[Task objective]
Reproduce each line from the records that holds "region".

*** Data for this exercise Section Begins ***

lemma gap_step_le:
  assumes "\<rho> > 0" and "\<rho> * Lf \<le> 1 / 2"
  shows "F (a + d) - f (a + d) (b + \<rho> *\<^sub>R v)
    \<le> (1 - \<rho> * \<mu> / 2) * (F a - f a b) + (Lf\<^sup>2 / (\<rho> * \<mu>\<^sup>2) + 2 * Lf / (\<rho> * \<mu>)) * (norm d)\<^sup>2
      - \<rho> / 4 * (norm v)\<^sup>2 + \<rho> * (norm (gy a b - v))\<^sup>2"
proof (cases "Lf < \<mu>")
  case True
  have "0 \<le> (Lf\<^sup>2 / (\<rho> * \<mu>\<^sup>2) + 2 * Lf / (\<rho> * \<mu>)) * (norm d)\<^sup>2"
    using assms(1) mu_pos Lf_pos by simp
  moreover have "\<rho> / 4 * (norm v)\<^sup>2 \<le> \<rho> * (norm v)\<^sup>2"
    using assms(1) by simp
  ultimately show ?thesis
    using gap_eq_zero_if_Lf_less_mu[OF True] by simp
next
  case False
  let ?\<delta>' = "F (a + d) - f (a + d) b" and ?A = "(norm d)\<^sup>2" and ?V = "(norm (gy a b - v))\<^sup>2"
  have "F (a + d) - f (a + d) (b + \<rho> *\<^sub>R v)
      \<le> (1 - \<rho> * \<mu>) * ?\<delta>' - \<rho> / 4 * (norm v)\<^sup>2 + \<rho> / 2 * (norm (gy (a + d) b - v))\<^sup>2"
    using gap_y_step_le[OF assms] .
  also have "\<dots> \<le> (1 - \<rho> * \<mu>) * ?\<delta>' - \<rho> / 4 * (norm v)\<^sup>2 + \<rho> / 2 * (2 * Lf\<^sup>2 * ?A + 2 * ?V)"
    using norm_gy_shift_le assms(1) by simp
  also have "\<dots> = (1 - \<rho> * \<mu>) * ?\<delta>' + \<rho> * Lf\<^sup>2 * ?A - \<rho> / 4 * (norm v)\<^sup>2 + \<rho> * ?V"
    by (simp add: algebra_simps)
  also have "\<dots> \<le> (1 - \<rho> * \<mu> / 2) * (F a - f a b) + (Lf\<^sup>2 / (\<rho> * \<mu>\<^sup>2) + 2 * Lf / (\<rho> * \<mu>)) * ?A
      - \<rho> / 4 * (norm v)\<^sup>2 + \<rho> * ?V"
    using gap_x_step_contraction_le[OF _ assms, of a d b] False by simp
  finally show ?thesis .
qed

end
text \<open>A radially outgoing null geodesic of ds^2 = -f A^2 dv^2 + 2 A dr dv + r^2 dOmega^2,
  parametrised by v on the interval [a,b], staying in the region r >= 0:
  dr/dv = f A / 2.\<close>
definition out_null_geod ::
  "(real \<Rightarrow> real \<Rightarrow> real) \<Rightarrow> (real \<Rightarrow> real \<Rightarrow> real) \<Rightarrow> (real \<Rightarrow> real) \<Rightarrow> real \<Rightarrow> real \<Rightarrow> bool"
where
  "out_null_geod f A \<gamma> a b \<longleftrightarrow> a \<le> b \<and>
     (\<forall>t\<in>{a..b}. 0 \<le> \<gamma> t \<and>
        (\<gamma> has_real_derivative (f t (\<gamma> t) * A t (\<gamma> t) / 2)) (at t within {a..b}))"

text \<open>Compactified outgoing null coordinate U at the point (v,r), v >= v0, r >= 0:
  follow the outgoing null geodesic through (v,r) back to the boundary of the region
  {v >= v0, r >= 0}; it either starts at the centre r = 0 at some time a >= v0
  (U = (2/pi) arctan((a - v0)/rc)) or on the initial slice v = v0 at radius r1
  (U = -(2/pi) arctan(r1/rc)).\<close>
definition U_coord ::
  "(real \<Rightarrow> real \<Rightarrow> real) \<Rightarrow> (real \<Rightarrow> real \<Rightarrow> real) \<Rightarrow> real \<Rightarrow> real \<Rightarrow> real \<Rightarrow> real \<Rightarrow> real"
where
  "U_coord f A v0 rc v r = (THE u. \<exists>\<gamma> a. out_null_geod f A \<gamma> a v \<and> \<gamma> v = r \<and> v0 \<le> a \<and>
      ((a = v0 \<and> u = - (2 / pi) * arctan (\<gamma> v0 / rc)) \<or>
       (\<gamma> a = 0 \<and> u = (2 / pi) * arctan ((a - v0) / rc))))"

definition real_analytic_at :: "(real \<Rightarrow> real) \<Rightarrow> real \<Rightarrow> bool" where
  "real_analytic_at g x \<longleftrightarrow>
     (\<exists>\<delta>>0. \<exists>c::nat \<Rightarrow> real. \<forall>y. \<bar>y - x\<bar> < \<delta> \<longrightarrow> (\<lambda>n. c n * (y - x) ^ n) sums g y)"

end

theory Submission
  imports Defs
begin

text \<open>
  Outgoing null geodesics solve dr/dv = f A / 2, whose right-hand side vanishes on both apparent
  horizons. Since r_+ decreases and r_- increases, the band between them is invariant backwards in v:
  a geodesic lying in the band at time v lies strictly inside it at every earlier time, so it
  starts on the initial slice at a positive radius r, where U = -(2/pi) arctan (r / r_c) is a
  decreasing function of r. Uniqueness of solutions makes the starting radius strictly increasing
  in the radius reached at any fixed later time. Hence U along the outer horizon increases, U along
  the inner horizon decreases, the former stays below the latter, and both converge.
\<close>

section \<open>Scalar ODEs on compact intervals\<close>

lemma neg_before_if_zeros_upcrossing:
  fixes \<phi> \<phi>' :: "real \<Rightarrow> real"
  assumes der: "\<And>s. s \<in> {a..b} \<Longrightarrow> (\<phi> has_real_derivative \<phi>' s) (at s within {a..b})"
    and upcrossing: "\<And>s. s \<in> {a..b} \<Longrightarrow> \<phi> s = 0 \<Longrightarrow> \<phi>' s > 0"
    and end_nonpos: "\<phi> b \<le> 0"
    and t: "t \<in> {a..<b}"
  shows "\<phi> t < 0"
proof (rule ccontr)
  assume not_neg: "\<not> \<phi> t < 0"
  have "continuous_on {a..b} \<phi>"
    using der by (meson DERIV_continuous continuous_on_eq_continuous_within)
  then have cont: "continuous_on {c..d} \<phi>" if "a \<le> c" "d \<le> b" for c d
    by (rule continuous_on_subset) (use that in auto)
  obtain t1 where t1: "a \<le> t1" "t1 < b" "\<phi> t1 > 0"
  proof (cases "\<phi> t = 0")
    case False
    then show thesis using that[of t] not_neg t by auto
  next
    case True
    have tab: "t \<in> {a..b}" using t by auto
    obtain d where d: "d > 0" "\<forall>h>0. t + h \<in> {a..b} \<longrightarrow> h < d \<longrightarrow> \<phi> t < \<phi> (t + h)"
      using has_real_derivative_pos_inc_right[OF der[OF tab] upcrossing[OF tab True]] by blast
    define h where "h = min (d / 2) ((b - t) / 2)"
    have h: "h > 0" "h < d" "t + h < b" using d(1) t by (auto simp: h_def min_def field_simps)
    then have "\<phi> (t + h) > 0" using d(2) True t by auto
    then show thesis using that[of "t + h"] h t by auto
  qed
  define Z where "Z = {s \<in> {t1..b}. \<phi> s = 0}"
  have "Z \<noteq> {}"
    using IVT2'[of \<phi> b 0 t1] t1 end_nonpos cont[of t1 b] by (auto simp: Z_def)
  moreover have "closed Z"
    unfolding Z_def by (rule continuous_closed_preimage_constant) (use cont[of t1 b] t1 in auto)
  moreover have "bdd_below Z" unfolding Z_def by (rule bdd_belowI[of _ t1]) auto
  ultimately have "Inf Z \<in> Z" and z_least: "\<And>s. s \<in> Z \<Longrightarrow> Inf Z \<le> s"
    by (simp_all add: closed_contains_Inf cInf_lower)
  define z where "z = Inf Z"
  have z: "t1 \<le> z" "z \<le> b" "\<phi> z = 0"
    using \<open>Inf Z \<in> Z\<close> unfolding z_def Z_def by auto
  with t1 have "t1 \<noteq> z" by auto
  with z have z_gt: "t1 < z" by simp
  have zab: "z \<in> {a..b}" using z t1 by auto
  obtain d where d: "d > 0" "\<forall>h>0. z - h \<in> {a..b} \<longrightarrow> h < d \<longrightarrow> \<phi> (z - h) < \<phi> z"
    using has_real_derivative_pos_inc_left[OF der[OF zab] upcrossing[OF zab z(3)]] by blast
  define h where "h = min (d / 2) ((z - t1) / 2)"
  have h: "h > 0" "h < d" "t1 < z - h" using d(1) z_gt by (auto simp: h_def min_def field_simps)
  then have "\<phi> (z - h) < 0" using d(2) z t1 by auto
  then obtain x where "t1 \<le> x" "x \<le> z - h" "\<phi> x = 0"
    using IVT2'[of \<phi> "z - h" 0 t1] t1 h z cont[of t1 "z - h"] by auto
  then have "x \<in> Z" "x < z" using h z unfolding Z_def by auto
  then show False using z_least unfolding z_def by force
qed

definition solves_ode :: "(real \<Rightarrow> real \<Rightarrow> real) \<Rightarrow> (real \<Rightarrow> real) \<Rightarrow> real \<Rightarrow> real \<Rightarrow> bool" where
  "solves_ode g \<gamma> a b \<longleftrightarrow> (\<forall>t\<in>{a..b}. (\<gamma> has_real_derivative g t (\<gamma> t)) (at t within {a..b}))"

lemma solves_ode_continuous_on: "solves_ode g \<gamma> a b \<Longrightarrow> continuous_on {a..b} \<gamma>"
  unfolding solves_ode_def by (meson DERIV_continuous continuous_on_eq_continuous_within)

*** Data for this exercise Section Ends ***

[Task response]
  parametrised by v on the interval [a,b], staying in the region r >= 0:
  follow the outgoing null geodesic through (v,r) back to the boundary of the region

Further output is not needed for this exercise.